Der konservative Preuße
Historiker und Publizist Joachim
Fest gestorben
Von Jörn Bender aus dem Münchner
Merkur, 13.09.2006:
Die deutsche Vergangenheit, die auch seine persönliche war, hat ihn zeitlebens nicht losgelassen. Der Name Joachim Fest war spätestens seit seiner Aufsehen erregenden Hitler-Biografie aus dem Jahr 1973 kaum zu trennen von der Aufarbeitung der Nazi-Zeit. Die NS-Diktatur und ihre Folgen wurden sein „Lebensthema“, wie er es in einem Interview nannte – jedoch aus wissenschaftlichem Interesse, wie der Historiker stets betonte, nicht wegen persönlicher Schuld.
Am Montag ist Joachim Fest im Alter von 79 Jahren nach längerer Krankheit in seinem Haus im Taunus gestorben. „Ich nicht – Erinnerungen an eine Kindheit und Jugend“ nannte Fest seine Autobiografie. Von seinem Vater, einem Oberschulrat und überzeugten Katholiken, habe er diesen „Wahlspruch seines Lebens übernommen“, der zum Buch-Titel wurde, erklärte Fest: „Das Petrus-Wort aus dem Matthäus-Evangelium: Und wenn alle es tun – ego non. Ich nicht!“
In den politisch unruhigen 30er-Jahren prägte das regimefeindliche Elternhaus den am 8. Dezember 1926 in Berlin geborenen Fest. „Ich bin preußisch erzogen“, sagte Fest, der sich im Nachkriegsdeutschland einen Namen als „großer Konservativer“ machte und von 1973 bis 1993 Mitherausgeber der Frankfurter Allgemeinen Zeitung war. 1959 heiratet Fest. Einer seiner beiden Söhne, der Verleger Alexander Fest, bezeichnet ihn später in einem Interview als guten Vater, „weil er das erzieherische Gespräch liebte und dadurch selbst seinen erstaunlichen Mangel an Strenge überspielte“.

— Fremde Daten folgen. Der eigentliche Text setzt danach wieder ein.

(* Let $u$ be a one-sided Sturmian sequence with left special sequence $l=l_1l_2\dots$. In the HB diagram of $X_u^+$: if $l_1=0$, then there are arrows $0\to1$, $0\to00$ and $1\to10$; if $l_1=1$, then there are arrows $1\to0$, $1\to11$ and $0\to01$.
   Context: A sequence $u\in\{0,1\}^{\mathbb N}$ is Sturmian if for every $n\ge1$ exactly $n+1$ distinct blocks of length $n$ occur in $u$. $X_u^+$ is the closure of $\{\sigma^n u:n\in\mathbb N\}$, $\sigma$ the shift $(\sigma x)_i=x_{i+1}$, and $\tilde X_u=\{x\in\{0,1\}^{\mathbb Z}: x_px_{p+1}\dots\in X_u^+\ \forall p\}$; the languages of $u$, $X_u^+$, $\tilde X_u$ coincide. For each $n$ there is a unique block $L_n$ of length $n$ with $0L_n$ and $1L_n$ in the language; these are prefixes of the left special sequence $l$. For a block $a_{-n}\dots a_0$ in the language, $\mathrm{fol}(a_{-n}\dots a_0)=\{b_0b_1\dots\in X_u^+:\exists b\in\tilde X_u,\ b_{-n}\dots b_0=a_{-n}\dots a_0\}$. A block $a_{-n}\dots a_0$ ($n\ge1$) is significant if $\mathrm{fol}(a_{-n}\dots a_0)\subsetneq\mathrm{fol}(a_{-n+1}\dots a_0)$; $0$ and $1$ are also significant. $\mathrm{sig}(\cdot)$ is the longest significant suffix. The HB diagram has vertex set the significant blocks and an arrow $\alpha\to\beta$ iff there is a symbol $b$ with $\alpha b$ in the language and $\beta=\mathrm{sig}(\alpha b)$. *)

theory Defs
  imports "HOL-Analysis.Analysis"
begin

text \<open>Sequences over the alphabet {0,1} are modelled as nat-valued functions; blocks as lists.
  The space nat \<Rightarrow> nat carries the product topology (Function_Topology).\<close>

definition lang :: "(nat \<Rightarrow> nat) \<Rightarrow> nat list set" where
  "lang u = {w. \<exists>n. w = map (\<lambda>i. u (n + i)) [0..<length w]}"

definition sturmian :: "(nat \<Rightarrow> nat) \<Rightarrow> bool" where
  "sturmian u \<longleftrightarrow> (\<forall>i. u i \<in> {0,1}) \<and>
     (\<forall>n\<ge>1. card {w \<in> lang u. length w = n} = n + 1)"

definition shift :: "(nat \<Rightarrow> nat) \<Rightarrow> nat \<Rightarrow> (nat \<Rightarrow> nat)" where
  "shift u n = (\<lambda>i. u (n + i))"

definition Xplus :: "(nat \<Rightarrow> nat) \<Rightarrow> (nat \<Rightarrow> nat) set" where
  "Xplus u = closure {shift u n | n. True}"

definition Xtilde :: "(nat \<Rightarrow> nat) \<Rightarrow> (int \<Rightarrow> nat) set" where
  "Xtilde u = {x. \<forall>p::int. (\<lambda>i::nat. x (p + int i)) \<in> Xplus u}"

text \<open>For a block a = a_{-n} ... a_0 (list of length n+1, a!k = a_{k-n}):
  followers b_0 b_1 ... of bi-infinite points b with b_{-n}..b_0 = a.\<close>
definition fol :: "(nat \<Rightarrow> nat) \<Rightarrow> nat list \<Rightarrow> (nat \<Rightarrow> nat) set" where
  "fol u a = {y \<in> Xplus u. \<exists>b \<in> Xtilde u.
      (\<forall>k < length a. b (int k - int (length a - 1)) = a ! k) \<and>
      y = (\<lambda>i. b (int i))}"

definition significant :: "(nat \<Rightarrow> nat) \<Rightarrow> nat list \<Rightarrow> bool" where
  "significant u w \<longleftrightarrow> w \<in> {[0], [1]} \<or>
     (length w \<ge> 2 \<and> w \<in> lang u \<and> fol u w \<subset> fol u (tl w))"

definition sig :: "(nat \<Rightarrow> nat) \<Rightarrow> nat list \<Rightarrow> nat list" where
  "sig u w = drop (LEAST k. significant u (drop k w)) w"

definition HB_arrow :: "(nat \<Rightarrow> nat) \<Rightarrow> nat list \<Rightarrow> nat list \<Rightarrow> bool" where
  "HB_arrow u \<alpha> \<beta> \<longleftrightarrow> significant u \<alpha> \<and> significant u \<beta> \<and>
     (\<exists>b. \<alpha> @ [b] \<in> lang u \<and> \<beta> = sig u (\<alpha> @ [b]))"

text \<open>l = l_1 l_2 ... (indexed from 1) is the left special sequence: for every n,
  L_n = l_1 ... l_n satisfies 0 L_n, 1 L_n in the language.\<close>
definition left_special_seq :: "(nat \<Rightarrow> nat) \<Rightarrow> (nat \<Rightarrow> nat) \<Rightarrow> bool" where
  "left_special_seq u l \<longleftrightarrow> (\<forall>n. (0 # map l [1..<n+1]) \<in> lang u \<and> (1 # map l [1..<n+1]) \<in> lang u)"

end

theory Submission
  imports Defs
begin

text \<open>Let \<open>a = l\<^sub>1\<close>, so \<open>0a\<close> and \<open>1a\<close> both occur, and let \<open>e = 1 - a\<close>.
  By Morse--Hedlund a Sturmian sequence is not eventually periodic; hence it is recurrent and has
  exactly one left special block of each length. Thus \<open>ae\<close> occurs but \<open>ee\<close> does not (otherwise
  \<open>e\<close> would be left special as well), so every occurrence of \<open>e\<close> is preceded by \<open>a\<close>:
  \<open>fol(ae) = fol(e)\<close> and \<open>sig(ae) = e\<close>. For \<open>c \<in> {0,1}\<close>, uniqueness of left special blocks yields
  a right extension \<open>ax\<close> such that \<open>(1-c)ax\<close> occurs but \<open>cax\<close> does not; the future of a
  bi-infinite point through \<open>(1-c)ax\<close> lies in \<open>fol(a)\<close> but not in \<open>fol(ca)\<close>, so \<open>aa\<close> and \<open>ea\<close>
  are significant.\<close>

section \<open>Blocks and the Morse--Hedlund theorem\<close>

definition block :: "(nat \<Rightarrow> 'a) \<Rightarrow> nat \<Rightarrow> nat \<Rightarrow> 'a list" where
  "block u p n = map (\<lambda>i. u (p + i)) [0..<n]"
lemma additive_subgroup_Cc: "additive_subgroup (C_c n)"
  by (auto simp: additive_subgroup_def Cc_def supported_def equivariant_def act_zero act_diff
      topspace_TA continuous_map_A_diff)

lemma additive_subgroup_Clc: "additive_subgroup (C_lc n)"
  unfolding additive_subgroup_def
proof (intro conjI ballI)
  show "(\<lambda>_. 0) \<in> C_lc n"
    using identity_nbhd_carrier by (auto simp: Clc_def supported_def equivariant_def act_zero topspace_TA)
next
  fix f f' assume f: "f \<in> C_lc n" and f': "f' \<in> C_lc n"
  obtain U where U: "identity_nbhd G TG U" "continuous_map (subtopology (tuple_top TG n) (Gamma G U n)) TA f"
    using f by (auto simp: Clc_def)
  obtain U' where U': "identity_nbhd G TG U'" "continuous_map (subtopology (tuple_top TG n) (Gamma G U' n)) TA f'"
    using f' by (auto simp: Clc_def)
  have "continuous_map (subtopology (tuple_top TG n) (Gamma G (U \<inter> U') n)) TA (\<lambda>t. f t - f' t)"
    by (rule continuous_map_A_diff[OF continuous_map_from_subtopology_mono[OF U(2) Gamma_mono]
          continuous_map_from_subtopology_mono[OF U'(2) Gamma_mono]]) auto
  then show "(\<lambda>t. f t - f' t) \<in> C_lc n"
    using f f' identity_nbhd_Int[OF U(1) U'(1)]
    by (auto simp: Clc_def supported_def equivariant_def act_diff)
qed

lemma Cc_subset_Clc: "C_c n \<subseteq> C_lc n"
  using identity_nbhd_carrier by (auto simp: Cc_def Clc_def intro: continuous_map_from_subtopology)

lemma Clc_0_subset_Cc_0: "C_lc 0 \<subseteq> C_c 0"
proof
  fix f assume f: "f \<in> C_lc 0"
  then obtain U where "identity_nbhd G TG U"
    "continuous_map (subtopology (tuple_top TG 0) (Gamma G U 0)) TA f"
    by (auto simp: Clc_def)
  then show "f \<in> C_c 0"
    using f by (auto simp: Cc_def Clc_def Gamma_0 identity_nbhd_one topspace_tuple_top[symmetric])
qed

end

section \<open>Exactness of the augmented rows and columns\<close>

context top_G_module
begin

text \<open>Prepending the first entry of the second argument is a contracting homotopy of the rows;
  it preserves equivariance because that entry is translated along with the rest.\<close>

definition row_contraction :: "nat \<Rightarrow> nat \<Rightarrow> ((nat \<Rightarrow> 'g) \<times> (nat \<Rightarrow> 'g) \<Rightarrow> 'a)
     \<Rightarrow> (nat \<Rightarrow> 'g) \<times> (nat \<Rightarrow> 'g) \<Rightarrow> 'a" where
  "row_contraction p q F = (\<lambda>(x, y). if (x, y) \<in> tuples G p \<times> tuples G q
      then F (prepend p (y 0) x, y) else 0)"

lemma row_contraction_in_Alc_eqv:
  assumes F: "F \<in> E (Suc p) q"
  shows "row_contraction p q F \<in> E p q"
proof -
  obtain U where U: "identity_nbhd G TG U" "continuous_map (Alc_top (Suc p) q U) TA F"
    using F Alc_eqv_iff by blast
  have "continuous_map (Alc_top p q U) TA (\<lambda>t. F (prepend p (snd t 0) (fst t), snd t))"
  proof (intro continuous_map_compose_Alc_top[OF U(2)] continuous_map_into_Alc_top continuous_map_prepend
      continuous_map_Alc_top_fst continuous_map_Alc_top_snd)
    show "continuous_map (Alc_top p q U) TG (\<lambda>t. snd t 0)"
      using continuous_map_Alc_top_snd by (simp add: continuous_map_tuple_top_iff)
    show "prepend p (snd t 0) (fst t) \<in> tuples G (Suc p) \<and> snd t \<in> Gamma G U q"
      if "t \<in> topspace (Alc_top p q U)" for t
      using that by (auto simp: topspace_Alc_top prepend_in_tuples tuples_in_carrier dest: Gamma_tuplesD)
  qed
  then have "continuous_map (Alc_top p q U) TA (row_contraction p q F)"
    by (rule continuous_map_eq) (auto dest: Gamma_tuplesD simp: topspace_Alc_top row_contraction_def)
  moreover have "equivariant2 G act p q (row_contraction p q F)"
  proof (clarsimp simp: equivariant2_def)
    fix g x y assume g: "g \<in> carrier G" and x: "x \<in> tuples G p" and y: "y \<in> tuples G q"
    have "F (translate G (Suc p) g (prepend p (y 0) x), translate G q g y) = act g (F (prepend p (y 0) x, y))"
      using F g x y by (simp add: Alc_eqv_iff equivariant2_def prepend_in_tuples tuples_in_carrier)
    then show "row_contraction p q F (translate G p g x, translate G q g y)
        = act g (row_contraction p q F (x, y))"
      using g x y by (simp add: row_contraction_def translate_in_tuples translate_apply flip: prepend_translate)
  qed
  ultimately show ?thesis
    using U(1) by (auto simp: Alc_eqv_iff row_contraction_def)
qed

lemma dH_row_contraction:
  assumes F: "F \<in> E (Suc p) q" and dF: "dH G (Suc p) q F = (\<lambda>_. 0)"
  shows "dH G p q (row_contraction p q F) = F"
proof
  fix t :: "(nat \<Rightarrow> 'g) \<times> (nat \<Rightarrow> 'g)"
  obtain x y where t: "t = (x, y)"
    by fastforce
  show "dH G p q (row_contraction p q F) t = F t"
  proof (cases "x \<in> tuples G (Suc p) \<and> y \<in> tuples G q")
    case True
    then have c: "prepend (Suc p) (y 0) x \<in> tuples G (Suc (Suc p))"
      by (auto intro: prepend_in_tuples tuples_in_carrier)
    have f0: "face (Suc p) 0 (prepend (Suc p) (y 0) x) = x"
      using True by (auto intro: face_0_prepend)
    have "dH G (Suc p) q F (prepend (Suc p) (y 0) x, y) = 0"
      using dF by simp
    then have "F (x, y) + (\<Sum>i\<le>Suc p. alt (Suc i) (F (prepend p (y 0) (face p i x), y))) = 0"
      using c True by (simp add: dH_def sum.atMost_Suc_shift f0 face_Suc_prepend del: sum.atMost_Suc)
    then show ?thesis
      using True by (simp add: t dH_def row_contraction_def face_in_tuples alt_Suc sum_negf add_eq_0_iff2
          del: sum.atMost_Suc)
  next
    case False
    then show ?thesis
      using F by (auto simp: t dH_def Alc_eqv_iff)
  qed
qed

lemma row_exact:
  assumes "F \<in> E (Suc p) q" "dH G (Suc p) q F = (\<lambda>_. 0)"
  shows "\<exists>H\<in>E p q. F = dH G p q H"
  using assms row_contraction_in_Alc_eqv dH_row_contraction by metis

definition row_restriction :: "nat \<Rightarrow> ((nat \<Rightarrow> 'g) \<times> (nat \<Rightarrow> 'g) \<Rightarrow> 'a) \<Rightarrow> (nat \<Rightarrow> 'g) \<Rightarrow> 'a" where
  "row_restriction q F = (\<lambda>y. if y \<in> tuples G q then F (const_tuple 0 (y 0), y) else 0)"

lemma row_restriction_in_Clc:
  assumes F: "F \<in> E 0 q"
  shows "row_restriction q F \<in> C_lc q"
proof -
  obtain U where U: "identity_nbhd G TG U" "continuous_map (Alc_top 0 q U) TA F"
    using F Alc_eqv_iff by blast
  have sub: "continuous_map (subtopology (tuple_top TG q) (Gamma G U q)) (tuple_top TG q) (\<lambda>y. y)"
    by (simp add: continuous_map_from_subtopology continuous_map_id[unfolded id_def])
  have "continuous_map (subtopology (tuple_top TG q) (Gamma G U q)) TA (\<lambda>y. F (const_tuple 0 (y 0), y))"
  proof (intro continuous_map_compose_Alc_top[OF U(2)] continuous_map_into_Alc_top continuous_map_const_tuple
      sub)
    show "continuous_map (subtopology (tuple_top TG q) (Gamma G U q)) TG (\<lambda>y. y 0)"
      using sub by (simp add: continuous_map_tuple_top_iff)
    show "const_tuple 0 (y 0) \<in> tuples G 0 \<and> y \<in> Gamma G U q"
      if "y \<in> topspace (subtopology (tuple_top TG q) (Gamma G U q))" for y
      using that by (auto simp: const_tuple_in_tuples tuples_in_carrier dest: Gamma_tuplesD)
  qed
  then have "continuous_map (subtopology (tuple_top TG q) (Gamma G U q)) TA (row_restriction q F)"
    by (rule continuous_map_eq) (auto dest: Gamma_tuplesD simp: row_restriction_def)
  moreover have "equivariant G act q (row_restriction q F)"
  proof (clarsimp simp: equivariant_iff_translate)
    fix g y assume g: "g \<in> carrier G" and y: "y \<in> tuples G q"
    have "F (translate G 0 g (const_tuple 0 (y 0)), translate G q g y) = act g (F (const_tuple 0 (y 0), y))"
      using F g y by (simp add: Alc_eqv_iff equivariant2_def const_tuple_in_tuples tuples_in_carrier)
    then show "row_restriction q F (translate G q g y) = act g (row_restriction q F y)"
      using g y by (simp add: row_restriction_def translate_in_tuples translate_const_tuple translate_apply)
  qed
  ultimately show ?thesis
    using U(1) by (auto simp: Clc_def supported_def row_restriction_def)
qed

lemma row_aug_row_restriction:
  assumes F: "F \<in> E 0 q" and dF: "dH G 0 q F = (\<lambda>_. 0)"
  shows "row_aug G q (row_restriction q F) = F"
proof
  fix t :: "(nat \<Rightarrow> 'g) \<times> (nat \<Rightarrow> 'g)"
  obtain x y where t: "t = (x, y)"
    by fastforce
  show "row_aug G q (row_restriction q F) t = F t"
  proof (cases "x \<in> tuples G 0 \<and> y \<in> tuples G q")
    case True
    then have "prepend 0 (y 0) x \<in> tuples G (Suc 0)"
      by (auto intro: prepend_in_tuples tuples_in_carrier)
    moreover have "dH G 0 q F (prepend 0 (y 0) x, y) = 0"
      using dF by simp
    moreover have "face 0 0 (prepend 0 (y 0) x) = x"
      using True by (auto intro: face_0_prepend)
    ultimately have "F (x, y) - F (const_tuple 0 (y 0), y) = 0"
      using True by (simp add: dH_def face_1_prepend_0 alt_Suc)
    then show ?thesis
      using True by (simp add: t row_aug_def row_restriction_def)
  next
    case False
    then show ?thesis
      using F by (auto simp: t row_aug_def Alc_eqv_iff)
  qed
qed

lemma row_exact_0:
  assumes "F \<in> E 0 q" "dH G 0 q F = (\<lambda>_. 0)"
  shows "\<exists>u\<in>C_lc q. F = row_aug G q u"
  using assms row_restriction_in_Clc row_aug_row_restriction by metis

text \<open>Equivariant extension of the values of F on tuples whose first entry is the identity.\<close>

definition equivariantize :: "nat \<Rightarrow> nat \<Rightarrow> ((nat \<Rightarrow> 'g) \<times> (nat \<Rightarrow> 'g) \<Rightarrow> 'a)
     \<Rightarrow> (nat \<Rightarrow> 'g) \<times> (nat \<Rightarrow> 'g) \<Rightarrow> 'a" where
  "equivariantize p q F = (\<lambda>(x, y). if (x, y) \<in> tuples G p \<times> tuples G q
      then act (x 0) (F (translate G p (inv (x 0)) x, translate G q (inv (x 0)) y)) else 0)"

Für ein politisches Lager ließ sich Fest nicht vereinnahmen. Er nannte Konrad Adenauer (CDU) und Helmut Schmidt (SPD) in einem Atemzug „die bedeutendsten Kanzler der Republik“ und bot zuvor als Chefredakteur des NDR (1963-1968) Hamburger Lokalpolitikern die Stirn, die mehr CDU-Gewicht in der Personalpolitik des Hauses forderten. Die Konsequenz: Fest, der CDU-Abgeordneter in Berlin-Neukölln war, wurde aus der Partei ausgeschlossen, was er indes kaum bedauerte: „Das politische Engagement war ein Irrweg, ich gehörte da nicht hin.“
Stattdessen suchte er andere politische Auseinandersetzungen: Ausgerechnet mit Ulrike Meinhof, der späteren RAF-Terroristin, verband ihn eine Freundschaft. Dass er keine Scheu vor Kontroversen hatte, bewies Fest nicht zuletzt als „FAZ“-Feuilletonchef: 1986 bot er dem Historiker Ernst Nolte ein Forum, der den Massenmord der Nazis an Juden als Reaktion auf frühere Gräueltaten während der Russischen Revolution relativierte. Es folgte der berühmte „Historikerstreit“.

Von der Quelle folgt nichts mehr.